What you need to do: Print, exactly as they appear in the listing below, the lines from the line with "br A (ad A x" to the line with "(br A x y))", with both end lines kept.

===

(* Let $L,M,N$ be Lie superalgebras such that (i) $L$ and $N$ act compatibly on one another, and $M$ and $N$ act compatibly on one another; (ii) ${}^{l}({}^{m}n)=(-1)^{|l||m|}\,{}^{m}({}^{l}n)$ for all homogeneous $l\in L$, $m\in M$, $n\in N$; (iii) the canonical homomorphisms $[L,N]^{N}\otimes M\to N\otimes M$ and $[M,N]^{N}\otimes L\to N\otimes L$ are trivial. Then $L\oplus M$ acts on $N$ by ${}^{(l,m)}n={}^{l}n+{}^{m}n$, $N$ acts on $L\oplus M$ by ${}^{n}(l,m)=({}^{n}l,{}^{n}m)$, and with these actions there is an isomorphism of Lie superalgebras \[(L\oplus M)\otimes N\cong (L\otimes N)\oplus(M\otimes N),\quad (l,m)\otimes n\mapsto (l\otimes n,\,m\otimes n).\]
   Context: All algebras are over a field $\mathbb{F}$ of characteristic $\neq 2,3$. An action of a Lie superalgebra $P$ on a Lie superalgebra $M$ is an even bilinear map $(p,m)\mapsto {}^{p}m$ with ${}^{[p,p']}m={}^{p}({}^{p'}m)-(-1)^{|p||p'|}{}^{p'}({}^{p}m)$ and ${}^{p}[m,m']=[{}^{p}m,m']+(-1)^{|p||m|}[m,{}^{p}m']$. Actions of $M$ and $N$ on each other are compatible if ${}^{({}^{n}m)}n'=-(-1)^{|m||n|}[{}^{m}n,n']$ and ${}^{({}^{m}n)}m'=-(-1)^{|m||n|}[{}^{n}m,m']$ for all homogeneous $m,m'\in M$, $n,n'\in N$. Given mutual actions, the non-abelian tensor product $M\otimes N$ is the Lie superalgebra generated by symbols $m\otimes n$ (homogeneous $m,n$, degree $|m|+|n|$) subject to: $\lambda(m\otimes n)=\lambda m\otimes n=m\otimes\lambda n$; additivity in each variable (for elements of the same degree); $[m,m']\otimes n=m\otimes{}^{m'}n-(-1)^{|m||m'|}m'\otimes{}^{m}n$; $m\otimes[n,n']=(-1)^{|n'|(|m|+|n|)}{}^{n'}m\otimes n-(-1)^{|m||n|}{}^{n}m\otimes n'$; $[m\otimes n,m'\otimes n']=-(-1)^{|m||n|}\,{}^{n}m\otimes{}^{m'}n'$. For an action of $L$ on $N$, $[L,N]^{N}$ denotes the graded ideal of $N$ spanned by the elements ${}^{l}n$. *)

theory Defs
  imports Main
begin

text \<open>Degrees are booleans (True = odd); the sign (-1)^(|x||y|) is sg (i \<and> j).\<close>

record ('a, 'k) lsa =
  car :: "'a set"
  zr  :: 'a
  ad  :: "'a \<Rightarrow> 'a \<Rightarrow> 'a"
  sc  :: "'k \<Rightarrow> 'a \<Rightarrow> 'a"
  br  :: "'a \<Rightarrow> 'a \<Rightarrow> 'a"
  gr  :: "bool \<Rightarrow> 'a set"

definition sg :: "bool \<Rightarrow> 'k::field" where
  "sg b = (if b then -1 else 1)"

definition lsub :: "('a, 'k::field) lsa \<Rightarrow> 'a \<Rightarrow> 'a \<Rightarrow> 'a" where
  "lsub A x y = ad A x (sc A (-1) y)"

definition subspace :: "('a, 'k::field) lsa \<Rightarrow> 'a set \<Rightarrow> bool" where
  "subspace A U \<longleftrightarrow> U \<subseteq> car A \<and> zr A \<in> U \<and> (\<forall>x\<in>U. \<forall>y\<in>U. ad A x y \<in> U)
     \<and> (\<forall>c. \<forall>x\<in>U. sc A c x \<in> U)"

definition vector_space :: "('a, 'k::field) lsa \<Rightarrow> bool" where
  "vector_space A \<longleftrightarrow> subspace A (car A)
    \<and> (\<forall>x\<in>car A. \<forall>y\<in>car A. \<forall>z\<in>car A. ad A (ad A x y) z = ad A x (ad A y z))
    \<and> (\<forall>x\<in>car A. \<forall>y\<in>car A. ad A x y = ad A y x)
    \<and> (\<forall>x\<in>car A. ad A (zr A) x = x)
    \<and> (\<forall>x\<in>car A. ad A x (sc A (-1) x) = zr A)
    \<and> (\<forall>c. \<forall>x\<in>car A. \<forall>y\<in>car A. sc A c (ad A x y) = ad A (sc A c x) (sc A c y))
    \<and> (\<forall>c d. \<forall>x\<in>car A. sc A (c + d) x = ad A (sc A c x) (sc A d x))
    \<and> (\<forall>c d. \<forall>x\<in>car A. sc A (c * d) x = sc A c (sc A d x))
    \<and> (\<forall>x\<in>car A. sc A 1 x = x)"

definition graded :: "('a, 'k::field) lsa \<Rightarrow> bool" where
  "graded A \<longleftrightarrow> (\<forall>b. subspace A (gr A b)) \<and> gr A False \<inter> gr A True = {zr A}
    \<and> (\<forall>x\<in>car A. \<exists>x0\<in>gr A False. \<exists>x1\<in>gr A True. x = ad A x0 x1)"

definition lie_superalgebra :: "('a, 'k::field) lsa \<Rightarrow> bool" where
  "lie_superalgebra A \<longleftrightarrow> vector_space A \<and> graded A
    \<and> (\<forall>x\<in>car A. \<forall>y\<in>car A. br A x y \<in> car A)
    \<and> (\<forall>x\<in>car A. \<forall>y\<in>car A. \<forall>z\<in>car A.
          br A (ad A x y) z = ad A (br A x z) (br A y z)
        \<and> br A z (ad A x y) = ad A (br A z x) (br A z y))
    \<and> (\<forall>c. \<forall>x\<in>car A. \<forall>y\<in>car A. br A (sc A c x) y = sc A c (br A x y)
        \<and> br A x (sc A c y) = sc A c (br A x y))
    \<and> (\<forall>i j. \<forall>x\<in>gr A i. \<forall>y\<in>gr A j. br A x y \<in> gr A (i \<noteq> j))
    \<and> (\<forall>i j. \<forall>x\<in>gr A i. \<forall>y\<in>gr A j. br A x y = sc A (- sg (i \<and> j)) (br A y x))
    \<and> (\<forall>i j. \<forall>x\<in>gr A i. \<forall>y\<in>gr A j. \<forall>z\<in>car A.
          br A x (br A y z) = ad A (br A (br A x y) z) (sc A (sg (i \<and> j)) (br A y (br A x z))))"

definition is_action :: "('p, 'k::field) lsa \<Rightarrow> ('m, 'k) lsa \<Rightarrow> ('p \<Rightarrow> 'm \<Rightarrow> 'm) \<Rightarrow> bool" where
  "is_action P M a \<longleftrightarrow>
      (\<forall>p\<in>car P. \<forall>m\<in>car M. a p m \<in> car M)
    \<and> (\<forall>p\<in>car P. \<forall>p'\<in>car P. \<forall>m\<in>car M. a (ad P p p') m = ad M (a p m) (a p' m))
    \<and> (\<forall>c. \<forall>p\<in>car P. \<forall>m\<in>car M. a (sc P c p) m = sc M c (a p m))
    \<and> (\<forall>p\<in>car P. \<forall>m\<in>car M. \<forall>m'\<in>car M. a p (ad M m m') = ad M (a p m) (a p m'))
    \<and> (\<forall>c. \<forall>p\<in>car P. \<forall>m\<in>car M. a p (sc M c m) = sc M c (a p m))
    \<and> (\<forall>i j. \<forall>p\<in>gr P i. \<forall>m\<in>gr M j. a p m \<in> gr M (i \<noteq> j))
    \<and> (\<forall>i j. \<forall>p\<in>gr P i. \<forall>p'\<in>gr P j. \<forall>m\<in>car M.
         a (br P p p') m = lsub M (a p (a p' m)) (sc M (sg (i \<and> j)) (a p' (a p m))))
    \<and> (\<forall>i j. \<forall>p\<in>gr P i. \<forall>m\<in>gr M j. \<forall>m'\<in>car M.
         a p (br M m m') = ad M (br M (a p m) m') (sc M (sg (i \<and> j)) (br M m (a p m'))))"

===

Exercise answer:
          br A (ad A x y) z = ad A (br A x z) (br A y z)
        \<and> br A z (ad A x y) = ad A (br A z x) (br A z y))
    \<and> (\<forall>c. \<forall>x\<in>car A. \<forall>y\<in>car A. br A (sc A c x) y = sc A c (br A x y)
        \<and> br A x (sc A c y) = sc A c (br A x y))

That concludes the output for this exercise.